lemma wronskian_zero_imp_proportional:
  fixes u u' v v' :: "real \<Rightarrow> real"
  assumes u: "\<And>x. x \<in> {s..t} \<Longrightarrow> (u has_real_derivative u' x) (at x within {s..t})"
    and v: "\<And>x. x \<in> {s..t} \<Longrightarrow> (v has_real_derivative v' x) (at x within {s..t})"
    and "continuous_on {s..t} u'" "continuous_on {s..t} v'"
    and wronskian: "\<And>x. x \<in> {s..t} \<Longrightarrow> u x * v' x = u' x * v x"
    and no_common_zero: "\<And>x. x \<in> {s..t} \<Longrightarrow> u x \<noteq> 0 \<or> u' x \<noteq> 0"
  obtains L where "\<And>x. x \<in> {s..t} \<Longrightarrow> v x = L * u x"
proof -
  \<comment> \<open>\<open>q\<close> is \<open>v / u\<close> where \<open>u \<noteq> 0\<close> and \<open>v' / u'\<close> where \<open>u' \<noteq> 0\<close>: it is
    continuous, and locally constant away from the finitely many (simple) zeros of \<open>u\<close>.\<close>
  define q where "q x = (u x * v x + u' x * v' x) / ((u x)\<^sup>2 + (u' x)\<^sup>2)" for x
  have pos: "(u x)\<^sup>2 + (u' x)\<^sup>2 > 0" if "x \<in> {s..t}" for x
    using no_common_zero[OF that] by (simp add: sum_power2_gt_zero_iff)
  have v_eq: "v x = q x * u x" if "x \<in> {s..t}" for x
  proof -
    have "v x * ((u x)\<^sup>2 + (u' x)\<^sup>2) = u x * u x * v x + u' x * (u' x * v x)"
      by (simp add: power2_eq_square algebra_simps)
    also have "\<dots> = u x * u x * v x + u' x * (u x * v' x)" by (simp only: wronskian[OF that])
    also have "\<dots> = (u x * v x + u' x * v' x) * u x" by (simp add: algebra_simps)
    finally show ?thesis using pos[OF that] by (auto simp: q_def eq_divide_eq)
  qed
  have "continuous_on {s..t} q"
    unfolding q_def using pos
    by (intro continuous_intros DERIV_continuous_on[OF u] DERIV_continuous_on[OF v] assms)
      (metis order_less_irrefl)+
  moreover have "finite {x\<in>{s..t}. u x = 0}"
    using no_common_zero by (intro finite_simple_zeros[OF compact_Icc u]) auto
  moreover have "(q has_derivative (\<lambda>h. 0)) (at x within {s..t})"
    if "x \<in> {s..t} - {x\<in>{s..t}. u x = 0}" for x
  proof -
    from that have x: "x \<in> {s..t}" "u x \<noteq> 0" by auto
    have "v' x * u x - v x * u' x = 0"
      using wronskian[OF x(1)] by (metis mult.commute right_minus_eq)
    then have quotient: "((\<lambda>y. v y / u y) has_real_derivative 0) (at x within {s..t})"
      using DERIV_divide[OF v[OF x(1)] u[OF x(1)] x(2)] by simp
    have eventually_eq: "\<forall>\<^sub>F y in at x within {s..t}. v y / u y = q y"
    proof -
      have "\<forall>\<^sub>F y in at x within {s..t}. u y \<noteq> 0"
        using DERIV_continuous[OF u[OF x(1)]] x(2)
        by (simp add: continuous_within tendsto_imp_eventually_ne)
      moreover have "\<forall>\<^sub>F y in at x within {s..t}. y \<in> {s..t}"
        by (simp add: eventually_at_filter)
      ultimately show ?thesis by eventually_elim (simp add: v_eq)
    qed
    have "v x / u x = q x" using v_eq[OF x(1)] x(2) by simp
    with quotient have "(q has_real_derivative 0) (at x within {s..t})"
      using has_field_derivative_cong_eventually[OF eventually_eq] by blast
    moreover have "(*) 0 = (\<lambda>h::real. 0)" by (rule ext) simp
    ultimately show ?thesis by (simp add: has_field_derivative_def)
  qed
  ultimately have q_const: "q x = q s" if "x \<in> {s..t}" for x
    using has_derivative_zero_unique_strong_interval that by blast
  show ?thesis by (rule that[of "q s"]) (metis v_eq q_const)
qed
lemma card_lsubsets [simp]: "card (lsubsets n l) = n choose l"
  unfolding lsubsets_def using n_subsets[of "{..<n}" l] by simp

lemma lsubsets_nonempty: "l \<le> n \<Longrightarrow> lsubsets n l \<noteq> {}"
  using card_lsubsets[of n l] by (metis card.empty zero_less_binomial_iff neq0_conv)

lemma lsubsetsD:
  assumes "S \<in> lsubsets n l"
  shows "S \<subseteq> {..<n}" "finite S" "card S = l" "l \<le> n"
  using assms finite_subset[of S "{..<n}"] card_mono[of "{..<n}" S] by (auto simp: lsubsets_def)

lemma card_lsubsets_containing:
  assumes "i < n" "l \<ge> 1"
  shows "card {S \<in> lsubsets n l. i \<in> S} = (n - 1) choose (l - 1)"
proof -
  let ?T = "{T. T \<subseteq> {..<n} - {i} \<and> card T = l - 1}"
  have "{S \<in> lsubsets n l. i \<in> S} = insert i ` ?T"
  proof (intro equalityI subsetI)
    fix S assume S: "S \<in> {S \<in> lsubsets n l. i \<in> S}"
    then have "S = insert i (S - {i})" and "S - {i} \<in> ?T"
      using lsubsetsD[of S n l] by auto
    then show "S \<in> insert i ` ?T" by blast
  next
    fix S assume "S \<in> insert i ` ?T"
    then obtain T where T: "T \<subseteq> {..<n} - {i}" "card T = l - 1" "S = insert i T" by auto
    then have "finite T" "i \<notin> T" using finite_subset by auto
    then show "S \<in> {S \<in> lsubsets n l. i \<in> S}" using T assms by (auto simp: lsubsets_def)
  qed
  moreover have "inj_on (insert i) ?T"
    by (rule inj_onI) blast
  ultimately have "card {S \<in> lsubsets n l. i \<in> S} = card ?T"
    by (simp add: card_image)
  also have "\<dots> = (n - 1) choose (l - 1)"
    using n_subsets[of "{..<n} - {i}" "l - 1"] assms by simp
  finally show ?thesis .
qed
(* Let $G$ be a finite group (written additively) of odd order, and let $S\subseteq G$ be a subset such that $S\cap -S=\emptyset$ and $|S|\ge 3$. Then $|\sum(S)|\ge 2|S|$.
   Context: $-S=\{-s: s\in S\}$. For a subset $S=\{a_1,\dots,a_k\}$ of $G$, $\sum(S)$ denotes the set of all elements $a_{i_1}+\cdots+a_{i_l}$ with $1\le l\le k$ and $i_1,\dots,i_l$ pairwise distinct indices (in any order). *)

theory Defs
  imports Main
begin

definition subset_sums :: "'a::group_add set \<Rightarrow> 'a set" where
  "subset_sums S = {sum_list xs | xs. xs \<noteq> [] \<and> distinct xs \<and> set xs \<subseteq> S}"

end

theory Submission
  imports Defs
begin

text \<open>Let \<open>Y = \<Sigma>(S)\<close> and \<open>D = S \<union> -S\<close>, so \<open>|D| = 2|S|\<close> and \<open>0 \<notin> D\<close>.
  For \<open>a \<in> S\<close>, every \<open>y \<in> \<Sigma>(S - {a}) + a\<close> satisfies \<open>y, y - a \<in> Y\<close>, and every
  \<open>y \<in> \<Sigma>(S - {a})\<close> satisfies \<open>y, y + a \<in> Y\<close>; so by induction each \<open>x \<in> D\<close> has at least
  \<open>2|S| - 2\<close> elements \<open>y \<in> Y\<close> with \<open>y - x \<in> Y\<close>. Conversely, for fixed \<open>y \<in> Y\<close> the
  differences \<open>y - x\<close> with \<open>x \<in> D\<close> are distinct elements of \<open>Y - {y}\<close>. Counting these pairs
  gives \<open>2|S| (2|S| - 2) \<le> |Y| (|Y| - 1)\<close>, which forces \<open>|Y| \<ge> 2|S|\<close>. The base case
  \<open>|S| = 3\<close> is an inspection of the sums of subsets of \<open>{a, b, c}\<close>.\<close>

lemma mem_subset_sums_iff:
  "x \<in> subset_sums S \<longleftrightarrow> (\<exists>xs. x = sum_list xs \<and> xs \<noteq> [] \<and> distinct xs \<and> set xs \<subseteq> S)"
  unfolding subset_sums_def by blast

lemma sum_list_in_subset_sums:
  "xs \<noteq> [] \<Longrightarrow> distinct xs \<Longrightarrow> set xs \<subseteq> S \<Longrightarrow> sum_list xs \<in> subset_sums S"
  unfolding mem_subset_sums_iff by blast

lemma subset_sums_mono: "T \<subseteq> S \<Longrightarrow> subset_sums T \<subseteq> subset_sums S"
  unfolding subset_sums_def by blast

lemma subset_subset_sums: "S \<subseteq> subset_sums S"
  using sum_list_in_subset_sums[of "[_]"] by auto

lemma finite_subset_sums:
  assumes "finite S"
  shows "finite (subset_sums S)"
proof -
  have "subset_sums S \<subseteq> sum_list ` {xs. set xs \<subseteq> S \<and> distinct xs}"
    unfolding subset_sums_def by blast
  then show ?thesis
    using finite_subset_distinct[OF assms] by (metis finite_surj)
qed

lemma subset_sums_add_right:
  assumes "y \<in> subset_sums (S - {a})" and "a \<in> S"
  shows "y + a \<in> subset_sums S"
proof -
  obtain xs where xs: "y = sum_list xs" "xs \<noteq> []" "distinct xs" "set xs \<subseteq> S - {a}"
    using assms(1) unfolding mem_subset_sums_iff by blast
  have "sum_list (xs @ [a]) \<in> subset_sums S"
    by (rule sum_list_in_subset_sums) (use xs assms(2) in auto)
  then show ?thesis
    using xs(1) by simp
qed

lemma sum_card_shifts_le:
  fixes Y D :: "'a::group_add set"
  assumes "finite Y" and "finite D" and "0 \<notin> D"
  shows "(\<Sum>x\<in>D. card {y\<in>Y. y - x \<in> Y}) \<le> card Y * (card Y - 1)"
proof -
  have count: "card {z\<in>Z. P z} = (\<Sum>z\<in>Z. of_bool (P z))" if "finite Z" for Z and P :: "'a \<Rightarrow> bool"
    using that by (simp add: Int_def)
  have "(\<Sum>x\<in>D. card {y\<in>Y. y - x \<in> Y}) = (\<Sum>x\<in>D. \<Sum>y\<in>Y. of_bool (y - x \<in> Y))"
    using assms(1) by (simp only: count)
  also have "\<dots> = (\<Sum>y\<in>Y. \<Sum>x\<in>D. of_bool (y - x \<in> Y))"
    by (rule sum.swap)
  also have "\<dots> = (\<Sum>y\<in>Y. card {x\<in>D. y - x \<in> Y})"
    using assms(2) by (simp only: count)
  also have "\<dots> \<le> (\<Sum>y\<in>Y. card Y - 1)"
  proof (rule sum_mono)
    fix y assume "y \<in> Y"
    have "card {x\<in>D. y - x \<in> Y} \<le> card (Y - {y})"
    proof (rule card_inj_on_le[where f = "\<lambda>x. y - x"])
      show "inj_on (\<lambda>x. y - x) {x\<in>D. y - x \<in> Y}"
        by (auto intro: inj_onI dest: diff_left_imp_eq)
      show "(\<lambda>x. y - x) ` {x\<in>D. y - x \<in> Y} \<subseteq> Y - {y}"
        using assms(3) by clarsimp (metis diff_0_right diff_left_imp_eq)
    qed (use assms(1) in simp)
    then show "card {x\<in>D. y - x \<in> Y} \<le> card Y - 1"
      using \<open>y \<in> Y\<close> by simp
  qed
  finally show ?thesis
    by simp
qed

lemma le_of_mult_pred_le:
  fixes m n :: nat
  assumes "n * (n - 2) \<le> m * (m - 1)" and "2 < n"
  shows "n \<le> m"
proof (rule ccontr)
  assume "\<not> n \<le> m"
  then have "m * (m - 1) \<le> (n - 1) * (n - 2)"
    by (intro mult_le_mono) auto
  also have "\<dots> < n * (n - 2)"
    using assms(2) by simp
  finally show False
    using assms(1) by simp
qed

lemma card_subset_sums_Diff_le_card_shifts:
  assumes "finite S" and "a \<in> S" and "x \<in> {a, - a}"
  shows "card (subset_sums (S - {a})) \<le> card {y \<in> subset_sums S. y - x \<in> subset_sums S}"
proof -
  let ?Y = "subset_sums S"
  have fin: "finite {y \<in> ?Y. y - x \<in> ?Y}"
    using finite_subset_sums[OF assms(1)] by simp
  have sub: "subset_sums (S - {a}) \<subseteq> ?Y"
    by (rule subset_sums_mono) blast
  show ?thesis
  proof (cases "x = a")
    case True
    have "(\<lambda>z. z + a) ` subset_sums (S - {a}) \<subseteq> {y \<in> ?Y. y - x \<in> ?Y}"
      using True sub subset_sums_add_right[OF _ assms(2)] by auto
    from card_mono[OF fin this] show ?thesis
      by (simp add: card_image)
  next
    case False
    then have "subset_sums (S - {a}) \<subseteq> {y \<in> ?Y. y - x \<in> ?Y}"
      using assms(3) sub subset_sums_add_right[OF _ assms(2)] by auto
    from card_mono[OF fin this] show ?thesis .
  qed
qed

lemma card_subset_sums_step:
  fixes S :: "'a::group_add set"
  assumes "finite S" and "S \<inter> uminus ` S = {}" and "2 \<le> card S"
    and IH: "\<And>a. a \<in> S \<Longrightarrow> 2 * card (S - {a}) \<le> card (subset_sums (S - {a}))"
  shows "2 * card S \<le> card (subset_sums S)"
proof -
  let ?Y = "subset_sums S" and ?D = "S \<union> uminus ` S"
  have card_D: "card ?D = 2 * card S"
    using assms(1,2) by (simp add: card_Un_disjoint card_image)
  have "0 \<notin> ?D"
    using assms(2) by force
  have "2 * (card S - 1) \<le> card {y \<in> ?Y. y - x \<in> ?Y}" if "x \<in> ?D" for x
  proof -
    obtain a where a: "a \<in> S" and x: "x \<in> {a, - a}"
      using \<open>x \<in> ?D\<close> by auto
    have "2 * (card S - 1) = 2 * card (S - {a})"
      using a assms(1) by simp
    also have "\<dots> \<le> card (subset_sums (S - {a}))"
      using IH[OF a] .
    also have "\<dots> \<le> card {y \<in> ?Y. y - x \<in> ?Y}"
      using card_subset_sums_Diff_le_card_shifts[OF assms(1) a x] .
    finally show ?thesis .
  qed
  then have "card ?D * (2 * (card S - 1)) \<le> (\<Sum>x\<in>?D. card {y \<in> ?Y. y - x \<in> ?Y})"
    using sum_bounded_below[of ?D "2 * (card S - 1)"] by simp
  also have "\<dots> \<le> card ?Y * (card ?Y - 1)"
    using finite_subset_sums[OF assms(1)] assms(1) \<open>0 \<notin> ?D\<close> by (intro sum_card_shifts_le) auto
  finally have "2 * card S * (2 * card S - 2) \<le> card ?Y * (card ?Y - 1)"
    by (simp add: card_D right_diff_distrib')
  then show ?thesis
    by (rule le_of_mult_pred_le) (use assms(3) in simp)
qed

text \<open>Of the seven sums \<open>a, b, c, a + b, a + c, b + c, a + b + c\<close> only the five coincidences
  \<open>a + b = c\<close>, \<open>a + c = b\<close>, \<open>b + c = a\<close>, \<open>a + b = b + c\<close>, \<open>a + b + c = b\<close> can occur, and no two
  of them hold together except the pair excluded by hypothesis; so dropping one sum
  leaves six distinct ones.\<close>
lemma card_subset_sums_three:
  fixes a b c :: "'a::group_add"
  assumes no_zero_sum: "\<And>x y. x \<in> {a, b, c} \<Longrightarrow> y \<in> {a, b, c} \<Longrightarrow> x + y \<noteq> 0"
    and "distinct [a, b, c]"
    and "\<not> (a + b = c \<and> b + c = a)"
  shows "6 \<le> card (subset_sums {a, b, c})"
proof -
  let ?u = "a + b + c"
  have "a + a \<noteq> 0" "c + c \<noteq> 0" "a + b \<noteq> 0" "a + c \<noteq> 0" "b + c \<noteq> 0"
    using no_zero_sum by auto
  moreover have "a \<noteq> 0" "b \<noteq> 0" "c \<noteq> 0"
    using no_zero_sum by force+
  ultimately have ne: "a + b \<noteq> a" "a + b \<noteq> b" "a + c \<noteq> a" "a + c \<noteq> c" "b + c \<noteq> b" "b + c \<noteq> c"
      "?u \<noteq> a" "?u \<noteq> c" "?u \<noteq> a + b" "?u \<noteq> a + c" "?u \<noteq> b + c"
    and exclusive: "a + b = c \<Longrightarrow> a + c \<noteq> b" "a + b = c \<Longrightarrow> a + b \<noteq> b + c"
      "a + b = c \<Longrightarrow> ?u \<noteq> b" "a + c = b \<Longrightarrow> b + c \<noteq> a" "a + c = b \<Longrightarrow> a + b \<noteq> b + c"
      "a + c = b \<Longrightarrow> ?u \<noteq> b" "b + c = a \<Longrightarrow> ?u \<noteq> b" "a + b = b + c \<Longrightarrow> ?u \<noteq> b"
    using \<open>distinct [a, b, c]\<close>
    by (metis add.assoc add.right_neutral add.left_neutral add_left_cancel add_right_cancel distinct_length_2_or_more)+
  let ?candidates = "{[a, b, c, a + b, a + c, b + c], [a, b, c, a + b, b + c, ?u],
      [a, b, c, a + c, b + c, ?u], [a, b, c, a + b, a + c, ?u]}"
  have "\<exists>L \<in> ?candidates. distinct L"
    using assms(2,3) ne exclusive by auto
  then obtain L where L: "L \<in> ?candidates" and "distinct L"
    by blast
  have "{a, b, c, a + b, a + c, b + c, ?u} \<subseteq> subset_sums {a, b, c}"
    using assms(2) sum_list_in_subset_sums[of "[a, b]"] sum_list_in_subset_sums[of "[a, c]"]
      sum_list_in_subset_sums[of "[b, c]"] sum_list_in_subset_sums[of "[a, b, c]"]
      subset_subset_sums[of "{a, b, c}"]
    by (auto simp: add.assoc)
  with L have "card (set L) \<le> card (subset_sums {a, b, c})"
    by (intro card_mono) (auto intro: finite_subset_sums)
  moreover have "card (set L) = 6"
    using L distinct_card[OF \<open>distinct L\<close>] by auto
  ultimately show ?thesis
    by simp
qed

lemma card_subset_sums_card_3:
  fixes S :: "'a::group_add set"
  assumes "card S = 3" and "S \<inter> uminus ` S = {}"
  shows "6 \<le> card (subset_sums S)"
proof -
  obtain a b c where S: "S = {a, b, c}" and abc: "distinct [a, b, c]"
    using assms(1) by (auto simp: card_3_iff)
  have no_zero_sum: "x + y \<noteq> 0" if "x \<in> S" and "y \<in> S" for x y
    using that assms(2) by (auto simp: add_eq_0_iff)
  show ?thesis
  proof (cases "a + b = c \<and> b + c = a")
    case False
    then show ?thesis
      using card_subset_sums_three[of a b c] abc no_zero_sum unfolding S by blast
  next
    case True
    have "c + c \<noteq> 0"
      using no_zero_sum S by blast
    with True have "\<not> (b + a = c \<and> a + c = b)"
      by (metis add.assoc add.right_neutral add_left_cancel)
    moreover have "{b, a, c} = S"
      using S by blast
    ultimately show ?thesis
      using card_subset_sums_three[of b a c] abc no_zero_sum by auto
  qed
qed

lemma card_subset_sums_ge:
  fixes S :: "'a::group_add set"
  assumes "finite S" and "3 \<le> card S" and "S \<inter> uminus ` S = {}"
  shows "2 * card S \<le> card (subset_sums S)"
  using assms(2,1,3)
proof (induction "card S" arbitrary: S rule: nat_induct_at_least)
  case base
  then show ?case
    using card_subset_sums_card_3 by fastforce
next
  case (Suc n)
  show ?case
  proof (rule card_subset_sums_step)
    fix a assume "a \<in> S"
    then have "card (S - {a}) = n" and "(S - {a}) \<inter> uminus ` (S - {a}) = {}"
      using Suc.hyps(3) Suc.prems by auto
    then show "2 * card (S - {a}) \<le> card (subset_sums (S - {a}))"
      using Suc.hyps(2) Suc.prems(1) by blast
  qed (use Suc in auto)
qed

theorem lemma2p4:
  fixes S :: "('a::{group_add, finite}) set"
  assumes "odd (card (UNIV :: 'a set))"
    and "S \<inter> uminus ` S = {}"
    and "card S \<ge> 3"
  shows "card (subset_sums S) \<ge> 2 * card S"
  using card_subset_sums_ge[of S] assms(2,3) by simp

end
lemma degree_orth_poly: "degree (orth_poly A B k) = k"
  and lead_coeff_orth_poly: "lead_coeff (orth_poly A B k) = 1"
proof -
  have "degree (orth_poly A B k) \<le> k \<and> coeff (orth_poly A B k) k = 1"
  proof (induction A B k rule: orth_poly.induct)
    case (3 A B k)
    let ?P = "orth_poly A B"
    have "[:- A (Suc k), 1:] * ?P (Suc k) = pCons 0 (?P (Suc k)) - smult (A (Suc k)) (?P (Suc k))"
      by simp
    moreover have "degree (pCons 0 (?P (Suc k))) \<le> Suc (Suc k)"
      using 3 by (simp add: degree_pCons_le)
    ultimately have "degree ([:- A (Suc k), 1:] * ?P (Suc k)) \<le> Suc (Suc k)"
      using 3 degree_smult_le[of "A (Suc k)" "?P (Suc k)"]
      by (metis degree_diff_le le_SucI order_trans)
    moreover have "degree (smult (B (Suc k)) (?P k)) \<le> Suc (Suc k)"
      using 3 degree_smult_le[of "B (Suc k)" "?P k"] by simp
    moreover have "coeff (?P (Suc k)) (Suc (Suc k)) = 0" "coeff (?P k) (Suc (Suc k)) = 0"
      using 3 by (simp_all add: coeff_eq_0)
    ultimately show ?case
      using 3 by (simp add: degree_diff_le)
  qed simp_all
  then show "degree (orth_poly A B k) = k" "lead_coeff (orth_poly A B k) = 1"
    by (metis le_antisym le_degree one_neq_zero)+
qed

lemma sign_orth_poly_at_roots_of_predecessor:
  assumes "orth_poly A B k = root_poly ts" "orth_poly A B (Suc k) = root_poly ys"
    and "sorted_wrt (<) ts" "interleaved ys ts" "length ts = k" "length ys = Suc k"
    and "B (Suc k) > 0" and "i < length ys"
  shows "(-1) ^ (length ys - i) * poly (orth_poly A B (Suc (Suc k))) (ys ! i) > 0"
proof -
  have "poly (root_poly ys) (ys ! i) = 0"
    using assms(8) by (simp add: poly_root_poly_eq_0_iff)
  then have "poly (orth_poly A B (Suc (Suc k))) (ys ! i) = - B (Suc k) * poly (root_poly ts) (ys ! i)"
    using assms(1,2) by simp
  moreover have "(-1 :: real) ^ (length ys - i) = - ((-1) ^ (k - i))"
    using assms(6,8) by (simp add: Suc_diff_le)
  ultimately have "(-1) ^ (length ys - i) * poly (orth_poly A B (Suc (Suc k))) (ys ! i)
      = B (Suc k) * ((-1) ^ (k - i) * poly (root_poly ts) (ys ! i))"
    by simp
  moreover have "(-1) ^ (k - i) * poly (root_poly ts) (ys ! i) > 0"
    using sign_root_poly_interleaved[OF assms(3,4)] assms(5,6,8) by simp
  ultimately show ?thesis
    using assms(7) by simp
qed

lemma orth_poly_roots_interleave:
  assumes "\<And>j. B (Suc j) > 0"
  obtains ts ys where "orth_poly A B k = root_poly ts" "orth_poly A B (Suc k) = root_poly ys"
    "sorted_wrt (<) ts" "sorted_wrt (<) ys" "length ts = k" "length ys = Suc k" "interleaved ys ts"
proof -
  have "\<exists>ts ys. orth_poly A B k = root_poly ts \<and> orth_poly A B (Suc k) = root_poly ys
    \<and> sorted_wrt (<) ts \<and> sorted_wrt (<) ys \<and> length ts = k \<and> length ys = Suc k \<and> interleaved ys ts"
  proof (induction k)
    case 0
    show ?case
      by (rule exI[of _ "[]"], rule exI[of _ "[A 0]"]) (simp add: root_poly_def interleaved_def)
  next
    case (Suc k)
    then obtain ts ys where IH: "orth_poly A B k = root_poly ts" "orth_poly A B (Suc k) = root_poly ys"
      "sorted_wrt (<) ts" "sorted_wrt (<) ys" "length ts = k" "length ys = Suc k" "interleaved ys ts"
      by blast
    have "degree (orth_poly A B (Suc (Suc k))) = Suc (length ys)"
      by (simp only: degree_orth_poly IH(6))
    moreover note lead_coeff_orth_poly IH(4)
    moreover note sign_orth_poly_at_roots_of_predecessor[OF IH(1,2,3,7,5,6) assms]
    ultimately obtain zs where "orth_poly A B (Suc (Suc k)) = root_poly zs" "sorted_wrt (<) zs"
      "length zs = Suc (length ys)" "interleaved zs ys"
      by (rule roots_interleave_of_sign_changes_Suc)
    with IH show ?case
      by auto
  qed
  with that show ?thesis
    by blast
qed

section \<open>Meixner polynomials\<close>

definition meixner_coeff :: "real \<Rightarrow> real \<Rightarrow> nat \<Rightarrow> nat \<Rightarrow> real" where
  "meixner_coeff a c m j =
     (-1) ^ j * real (m choose j) * pochhammer (a + real j) (m - j) * (c / (c - 1)) ^ (m - j)"

definition meixner_A :: "real \<Rightarrow> real \<Rightarrow> nat \<Rightarrow> real" where
  "meixner_A a c m = (real m + (real m + a) * c) / (1 - c)"

definition meixner_B :: "real \<Rightarrow> real \<Rightarrow> nat \<Rightarrow> real" where
  "meixner_B a c m = real m * (real m + a - 1) * c / (1 - c) ^ 2"

lemma meixner_A_B_eq:
  assumes "c \<noteq> 1"
  shows "meixner_A a c m = real m - (2 * real m + a) * (c / (c - 1))"
    and "meixner_B a c m = real m * (real m + a - 1) * (c / (c - 1)) * (c / (c - 1) - 1)"
  using assms by (simp_all add: meixner_A_def meixner_B_def field_simps power2_eq_square)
+-------+
*YOUR INSTRUCTIONS:*
Gather each line in these records that contains the string "prems".

*TASK RESPONSE:*
      using Suc.hyps(3) Suc.prems by auto
      using Suc.hyps(2) Suc.prems(1) by blast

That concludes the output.